EXERCISE AIM
Every line below that holds the word "lemma" must be listed.

::::::::

lemma deg1_vector_in_SA:
  assumes V: "finite V"
    and \<alpha>: "0 \<le> \<alpha>" "\<alpha> \<le> 1" "real t * \<alpha> \<le> 1"
    and shift_single: "\<And>l i. l \<in> L \<Longrightarrow> i \<in> V \<Longrightarrow> 0 \<le> (b l + a l i) * \<alpha>"
    and shift_sum: "\<And>l W. l \<in> L \<Longrightarrow> W \<subseteq> V \<Longrightarrow> card W \<le> t - 1 \<Longrightarrow>
                      (\<Sum>i\<in>W. (b l + a l i) * \<alpha>) \<le> b l + \<alpha> * sum (a l) V"
  shows "deg1_vector \<alpha> \<in> SA t V L b a"
proof -
  have moment: "psd_on (Pow U) (moment_mat (deg1_vector \<alpha>))"
    if "U \<subseteq> V" "card U \<le> t" for U
  proof (rule psd_moment_low_degree)
    show "finite U" using that V finite_subset by blast
    have "real (card U) * \<alpha> \<le> real t * \<alpha>" using that \<alpha>(1) by (simp add: mult_right_mono)
    then show "(\<Sum>i\<in>U. deg1_vector \<alpha> {i}) \<le> deg1_vector \<alpha> {}"
      using \<alpha>(3) by (simp add: deg1_vector_def)
  qed (auto simp: deg1_vector_def \<alpha>)
  have shifted: "psd_on (Pow W) (moment_mat (shift V (b l) (a l) (deg1_vector \<alpha>)))"
    if "l \<in> L" "W \<subseteq> V" "card W \<le> t - 1" for l W
  proof (rule psd_moment_low_degree)
    show "finite W" using that V finite_subset by blast
    then show "(\<Sum>i\<in>W. shift V (b l) (a l) (deg1_vector \<alpha>) {i})
               \<le> shift V (b l) (a l) (deg1_vector \<alpha>) {}"
      using that V shift_sum by (simp add: shift_deg1_empty shift_deg1_single subsetD)
  qed (use that V shift_single in \<open>auto simp: shift_deg1_large shift_deg1_single\<close>)
  show ?thesis
    unfolding SA_def using moment shifted \<alpha> by (auto simp: deg1_vector_def)
qed

text \<open>The arithmetic facts about \<alpha> = C / (n + (t-1)(1-\<epsilon>)), C = 2(1-\<epsilon>): the total weight
  of t singletons is at most 1, and (t-1)(C-1)\<alpha> \<le> C - n\<alpha> = (t-1)(1-\<epsilon>)\<alpha>, using C - 1 \<le> 1 - \<epsilon>.\<close>
lemma knapsack_alpha_bounds:
  fixes n t :: nat and \<epsilon> :: real
  assumes "t + 1 \<le> n" and "1 \<le> t" and "0 < \<epsilon>" and "\<epsilon> \<le> 1/2"
  defines "\<alpha> \<equiv> 2 * (1 - \<epsilon>) / (real n + (real t - 1) * (1 - \<epsilon>))"
  shows "0 \<le> \<alpha>" and "real t * \<alpha> \<le> 1"
    and "(real t - 1) * ((2 * (1 - \<epsilon>) - 1) * \<alpha>) \<le> 2 * (1 - \<epsilon>) - real n * \<alpha>"
proof -
  have t1: "0 \<le> real t - 1" and n: "real t + 1 \<le> real n" using assms(1,2) by linarith+
  have "0 \<le> (real t - 1) * (1 - \<epsilon>)" using t1 assms(4) by simp
  then have den: "0 < real n + (real t - 1) * (1 - \<epsilon>)" using n by linarith
  show \<alpha>0: "0 \<le> \<alpha>" unfolding \<alpha>_def using den assms(4) by simp
  have "real t * (2 * (1 - \<epsilon>)) = (real t + 1) - (real t + 1) * \<epsilon> + (real t - 1) * (1 - \<epsilon>)"
    by (simp add: algebra_simps)
  also have "\<dots> \<le> real n + (real t - 1) * (1 - \<epsilon>)"
    using n mult_nonneg_nonneg[of "real t + 1" \<epsilon>] assms(3) by linarith
  finally show "real t * \<alpha> \<le> 1" unfolding \<alpha>_def using den by (simp add: field_simps)
  have eq: "\<alpha> * (real n + (real t - 1) * (1 - \<epsilon>)) = 2 * (1 - \<epsilon>)"
    unfolding \<alpha>_def using den by simp
  have "(real t - 1) * ((2 * (1 - \<epsilon>) - 1) * \<alpha>) \<le> (real t - 1) * ((1 - \<epsilon>) * \<alpha>)"
    using t1 \<alpha>0 assms(3) by (intro mult_left_mono mult_right_mono) auto
  also have "\<dots> = 2 * (1 - \<epsilon>) - real n * \<alpha>" using eq by (simp add: algebra_simps)
  finally show "(real t - 1) * ((2 * (1 - \<epsilon>) - 1) * \<alpha>) \<le> 2 * (1 - \<epsilon>) - real n * \<alpha>" .
qed

text \<open>With unit costs and values and a capacity in [1,2), at most one object fits,
  so the integral optimum is 1 (for a nonempty set of objects).\<close>
lemma knapsack_opt_unit:
  assumes "V \<noteq> {}" and "1 \<le> C" and "C < 2"
  shows "knapsack_opt V (\<lambda>_. 1) (\<lambda>_. 1) C = 1"
proof -
  obtain i where i: "i \<in> V" using assms(1) by blast
  have "{(\<Sum>i\<in>S. (1::real)) | S. S \<subseteq> V \<and> (\<Sum>i\<in>S. 1) \<le> C}
      = {real (card S) | S. S \<subseteq> V \<and> real (card S) \<le> C}" by simp
  also have "\<dots> = {0, 1}"
  proof (intro equalityI subsetI)
    fix x assume "x \<in> {real (card S) | S. S \<subseteq> V \<and> real (card S) \<le> C}"
    then show "x \<in> {0, 1}" using assms(3) by auto
  next
    fix x :: real assume "x \<in> {0, 1}"
    then have "x = real (card {}) \<or> x = real (card {i})" by auto
    then show "x \<in> {real (card S) | S. S \<subseteq> V \<and> real (card S) \<le> C}"
      using i assms(2) by fastforce
  qed
  finally show ?thesis unfolding knapsack_opt_def by simp
qed

theorem mainTheorem2:
  fixes n t :: nat and \<epsilon> :: real
  assumes "n \<ge> 2" and "1 \<le> t" and "t \<le> n - 1"
    and "0 < \<epsilon>" and "\<epsilon> \<le> 1/2"
  defines "V \<equiv> {1..n}"
    and "C \<equiv> 2 * (1 - \<epsilon>)"
    and "c \<equiv> (\<lambda>i::nat. 1::real)"
    and "v \<equiv> (\<lambda>i::nat. 1::real)"
    and "\<alpha> \<equiv> 2 * (1 - \<epsilon>) / (real n + (real t - 1) * (1 - \<epsilon>))"
    and "y \<equiv> (\<lambda>I::nat set. if I = {} then 1 else if card I = 1 then 2 * (1 - \<epsilon>) / (real n + (real t - 1) * (1 - \<epsilon>)) else 0)"
  shows "y \<in> SA t V {()} (\<lambda>_. C) (\<lambda>_ j. - c j)
         \<and> (\<Sum>i\<in>V. v i * y {i}) = real n * \<alpha>
         \<and> knapsack_opt V c v C = 1"
proof -
  have y: "y = deg1_vector \<alpha>" unfolding y_def \<alpha>_def deg1_vector_def ..
  have tn: "t + 1 \<le> n" using assms(1,3) by linarith
  note bounds = knapsack_alpha_bounds[OF tn assms(2,4,5), folded \<alpha>_def C_def]
  have "1 * \<alpha> \<le> real t * \<alpha>" using assms(2) bounds(1) by (intro mult_right_mono) auto
  then have \<alpha>1: "\<alpha> \<le> 1" using bounds(2) by linarith
  have shift_single: "0 \<le> (C - 1) * \<alpha>" using assms(5) bounds(1) by (simp add: C_def)
  have shift_sum: "real (card W) * ((C - 1) * \<alpha>) \<le> C - real n * \<alpha>" if "card W \<le> t - 1" for W
  proof -
    have "real (card W) \<le> real t - 1" using that assms(2) by linarith
    then have "real (card W) * ((C - 1) * \<alpha>) \<le> (real t - 1) * ((C - 1) * \<alpha>)"
      using shift_single by (rule mult_right_mono)
    with bounds(3) show ?thesis by linarith
  qed
  have "y \<in> SA t V {()} (\<lambda>_. C) (\<lambda>_ j. - c j)"
    unfolding y using bounds(1,2) \<alpha>1 shift_single shift_sum
    by (intro deg1_vector_in_SA) (auto simp: V_def c_def mult.commute[of \<alpha>])
  moreover have "(\<Sum>i\<in>V. v i * y {i}) = real n * \<alpha>"
    by (simp add: V_def v_def y deg1_vector_def)
  moreover have "knapsack_opt V c v C = 1"
    unfolding c_def v_def C_def V_def using assms(1,4,5) by (intro knapsack_opt_unit) auto
  ultimately show ?thesis by blast
qed

end
(* Given a neural network $f$ and an input $\mathbf{x} = \langle x_1, \ldots, x_m \rangle$ where $m \geq 2$, the time complexity of $\textsc{qXp}(\emptyset, \emptyset, \mathbf{x})$ is $\lfloor \log_2 m \rfloor + 1$ calls of $\textsc{checkValid}$ for the best case (all features are irrelevant) and $(m-1) \times 2$ calls of $\textsc{checkValid}$ for the worst case (all features are in explanation). When $m = 1$, it needs $1$ $\textsc{checkValid}$ call.
   Context: $f$ is a neural network (classifier or regressor), $\mathbf{x}$ an input with $m$ features, $\epsilon$ a perturbation magnitude and $p$ a norm. The oracle $\textsc{checkValid}(f, \mathbf{x}, \mathbf{x}_S)$ returns True iff every input obtained from $\mathbf{x}$ by perturbing the features in $\mathbf{x}_S$ within $\epsilon$ (in $p$-norm) while keeping all other features fixed yields the same prediction as $\mathbf{x}$ (same class, or output within $\delta$ for regression); such features are irrelevant, the others form the explanation. The recursive function $\textsc{qXp}(\mathbf{x}_\alpha, \mathbf{x}_\beta, \mathbf{x}_\Theta)$ (current explanation, current irrelevant set, features still to analyze) returns a pair (explanation features, irrelevant set) and does: if $|\mathbf{x}_\Theta|=1$, return $(\emptyset, \mathbf{x}_\beta\cup\mathbf{x}_\Theta)$ if $\textsc{checkValid}(f,\mathbf{x},\mathbf{x}_\beta\cup\mathbf{x}_\Theta)$ is True, else $(\mathbf{x}_\Theta,\mathbf{x}_\beta)$. Otherwise split $\mathbf{x}_\Theta$ into halves $\mathbf{x}_\Phi,\mathbf{x}_\Psi$ (with $|\mathbf{x}_\Phi|=|\mathbf{x}_\Psi|+1$ when odd). If $\textsc{checkValid}(f,\mathbf{x},\mathbf{x}_\beta\cup\mathbf{x}_\Phi)$ is True, return $\textsc{qXp}(\mathbf{x}_\alpha,\mathbf{x}_\beta\cup\mathbf{x}_\Phi,\mathbf{x}_\Psi)$; else if $\textsc{checkValid}(f,\mathbf{x},\mathbf{x}_\beta\cup\mathbf{x}_\Psi)$ is True, return $\textsc{qXp}(\mathbf{x}_\alpha,\mathbf{x}_\beta\cup\mathbf{x}_\Psi,\mathbf{x}_\Phi)$; else: if $|\mathbf{x}_\Phi|=1$ set $(\mathbf{x}_\Phi',\mathbf{x}_\beta')=(\mathbf{x}_\Phi,\mathbf{x}_\beta)$, otherwise $(\mathbf{x}_\Phi',\mathbf{x}_\beta')=\textsc{qXp}(\mathbf{x}_\alpha\cup\mathbf{x}_\Psi,\mathbf{x}_\beta,\mathbf{x}_\Phi)$; if $|\mathbf{x}_\Psi|=1$ set $(\mathbf{x}_\Psi',\mathbf{x}_\beta'')=(\mathbf{x}_\Psi,\mathbf{x}_\beta')$, otherwise $(\mathbf{x}_\Psi',\mathbf{x}_\beta'')=\textsc{qXp}(\mathbf{x}_\alpha\cup\mathbf{x}_\Phi',\mathbf{x}_\beta',\mathbf{x}_\Psi)$; return $(\mathbf{x}_\Phi'\cup\mathbf{x}_\Psi',\mathbf{x}_\beta'')$. *)

theory Defs
  imports Complex_Main "HOL-Library.Extended_Real"
begin

definition pnorm :: "ereal \<Rightarrow> nat set \<Rightarrow> (nat \<Rightarrow> real) \<Rightarrow> real" where
  "pnorm p S d = (if p = \<infinity> then (if S = {} then 0 else Max ((\<lambda>i. \<bar>d i\<bar>) ` S))
                  else (\<Sum>i\<in>S. \<bar>d i\<bar> powr real_of_ereal p) powr (1 / real_of_ereal p))"

text \<open>The oracle checkValid. f maps inputs (feature vectors nat => real, features indexed
  0..<m) to outputs; same o o' says that o' counts as the same prediction as o
  (equality of class for classifiers, |o - o'| \<le> \<delta> for regressors).\<close>
definition checkValid ::
  "((nat \<Rightarrow> real) \<Rightarrow> 'b) \<Rightarrow> ('b \<Rightarrow> 'b \<Rightarrow> bool) \<Rightarrow> ereal \<Rightarrow> real \<Rightarrow> (nat \<Rightarrow> real) \<Rightarrow> nat set \<Rightarrow> bool" where
  "checkValid f same p eps x S =
     (\<forall>x'. (\<forall>i. i \<notin> S \<longrightarrow> x' i = x i) \<longrightarrow> pnorm p S (\<lambda>i. x' i - x i) \<le> eps
          \<longrightarrow> same (f x) (f x'))"

text \<open>qXp, instrumented: qXp cv alpha beta theta returns (explanation features, irrelevant set,
  number of calls to the oracle cv). Sets are represented by lists (order fixes the split).\<close>
function qXp :: "(nat set \<Rightarrow> bool) \<Rightarrow> nat list \<Rightarrow> nat list \<Rightarrow> nat list \<Rightarrow> nat list \<times> nat list \<times> nat" where
  "qXp cv \<alpha> \<beta> \<Theta> =
    (if length \<Theta> \<le> 1 then
       (if \<Theta> = [] then ([], \<beta>, 0)
        else if cv (set \<beta> \<union> set \<Theta>) then ([], \<beta> @ \<Theta>, 1) else (\<Theta>, \<beta>, 1))
     else
       (let \<Phi> = take ((length \<Theta> + 1) div 2) \<Theta>; \<Psi> = drop ((length \<Theta> + 1) div 2) \<Theta> in
        if cv (set \<beta> \<union> set \<Phi>) then
          (case qXp cv \<alpha> (\<beta> @ \<Phi>) \<Psi> of (e, b, c) \<Rightarrow> (e, b, c + 1))
        else if cv (set \<beta> \<union> set \<Psi>) then
          (case qXp cv \<alpha> (\<beta> @ \<Psi>) \<Phi> of (e, b, c) \<Rightarrow> (e, b, c + 2))
        else
          (case (if length \<Phi> = 1 then (\<Phi>, \<beta>, 0) else qXp cv (\<alpha> @ \<Psi>) \<beta> \<Phi>) of
             (\<Phi>', \<beta>', c1) \<Rightarrow>
               (case (if length \<Psi> = 1 then (\<Psi>, \<beta>', 0) else qXp cv (\<alpha> @ \<Phi>') \<beta>' \<Psi>) of
                  (\<Psi>', \<beta>'', c2) \<Rightarrow> (\<Phi>' @ \<Psi>', \<beta>'', c1 + c2 + 2)))))"
  by pat_completeness auto
termination
  by (relation "measure (\<lambda>(cv, \<alpha>, \<beta>, \<Theta>). length \<Theta>)") auto

definition qXp_calls :: "(nat set \<Rightarrow> bool) \<Rightarrow> nat list \<Rightarrow> nat" where
  "qXp_calls cv xs = snd (snd (qXp cv [] [] xs))"
(* Let $\mathcal A=(Q,\Sigma,\delta,\rho)$ be a connected bireversible Mealy automaton whose labeled orbit tree $\mathfrak t(\mathcal A)$ has no active self-liftable branch, and let $\mathfrak j$ be a jungle tree with trunk of length $n$. Then for every $i\in\{1,\dots,n\}$, every $\sim$-class $\gamma$ of stems and every $\mathbf u\in Q^{i-1}$ which is a prefix of some stem in $\gamma$, the set $\{q\in Q : \mathbf uq \text{ is a prefix of some stem in } \gamma\}$ has at least $2$ elements; that is, $\mathcal S_{\mathrm{eq}}(i)\ge 2$.
   Context: Mealy automata. A Mealy automaton is $\mathcal A=(Q,\Sigma,\delta,\rho)$ with $Q,\Sigma$ finite non-empty sets, $\delta=(\delta_i\colon Q\to Q)_{i\in\Sigma}$, $\rho=(\rho_x\colon\Sigma\to\Sigma)_{x\in Q}$; transitions $x\xrightarrow{i\mid\rho_x(i)}\delta_i(x)$. Invertible: each $\rho_x$ a permutation of $\Sigma$; reversible: each $\delta_i$ a permutation of $Q$; bireversible: invertible, reversible, and for each $j\in\Sigma$ the map $x\mapsto\delta_{\rho_x^{-1}(j)}(x)$ is a permutation of $Q$. Connected: the directed graph on $Q$ with edges $x\to\delta_i(x)$ is connected. Extensions: $\rho_x(i\mathbf s)=\rho_x(i)\rho_{\delta_i(x)}(\mathbf s)$; $\rho_{x_1\cdots x_m}=\rho_{x_m}\circ\cdots\circ\rho_{x_1}$; $\delta_i(x\mathbf u)=\delta_i(x)\delta_{\rho_x(i)}(\mathbf u)$ on $Q^*$, $\delta_{i_1\cdots i_m}=\delta_{i_m}\circ\cdots\circ\delta_{i_1}$. The connected components of $\mathcal A^n$ (stateset $Q^n$, transitions $\mathbf u\xrightarrow{i\mid\rho_{\mathbf u}(i)}\delta_i(\mathbf u)$) are, for reversible $\mathcal A$, the orbits of $Q^n$ under the maps $\delta_{\mathbf s}$. Orbit tree $\mathfrak t(\mathcal A)$: vertices at level $n\ge0$ are the connected components of $\mathcal A^n$; an edge from the component of $\mathbf u\in Q^n$ to that of $\mathbf ux$ for all $\mathbf u,x$; edge $C\to D$ labeled $\#D/\#C$. $\top,\bot$ = first/last vertex of a downward path; level of an edge/path = level of its top vertex. A word of $Q^*\cup Q^\omega$ represents the initial path through the components of its prefixes. Edge $e$ is liftable to $f$ if every word of $\bot(e)$ has a suffix in $\bot(f)$; paths are liftable if corresponding edges are. $f$ is a legitimate child of $e$ if $\top(f)=\bot(e)$ and $f$ is liftable to $e$. A path/subtree $\mathfrak s$ is $k$-self-liftable if for all $i\ge0$ every path in $\mathfrak s$ starting at level $i+k$ is liftable to a path in $\mathfrak s$ starting at level $i$; self-liftable if $k$-self-liftable for some $k>0$. A branch (infinite initial path) is active if its labels are not eventually all $1$. Jungle trees: for a finite 1-self-liftable initial path $\mathbf e$ of length $n$ whose last edge has at least two legitimate children, all labeled $1$, $\mathfrak j(\mathbf e)$ consists of $\mathbf e$ plus all edges descending from $\bot(\mathbf e)$ that are liftable to the last edge of $\mathbf e$. Stems: the words of $\bot(\mathbf e)\subseteq Q^n$. A $\mathfrak j$-word is a word representing an initial path of $\mathfrak j$. For stems $\mathbf u,\mathbf v$: $\mathbf u\sim\mathbf v$ iff there is $\mathbf s\in Q^*$ such that $\mathbf{usv}$ is a $\mathfrak j$-word and $\rho_{\mathbf{us}}$ is the identity of $\Sigma^*$; $\sim$ is an equivalence relation. $\mathcal S_{\mathrm{eq}}(i)$ denotes the cardinality of $\{q\in Q:\mathbf uq$ is a prefix of a stem in $\gamma\}$ for $\mathbf u\in Q^{i-1}$ a prefix of a stem in a $\sim$-class $\gamma$; this number does not depend on the choice of $\mathbf u$ and $\gamma$. *)

theory Defs
  imports Complex_Main "HOL-Library.Sublist"
begin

::::::::

OUTPUT FOR THIS EXERCISE
lemma deg1_vector_in_SA:
lemma knapsack_alpha_bounds:
lemma knapsack_opt_unit:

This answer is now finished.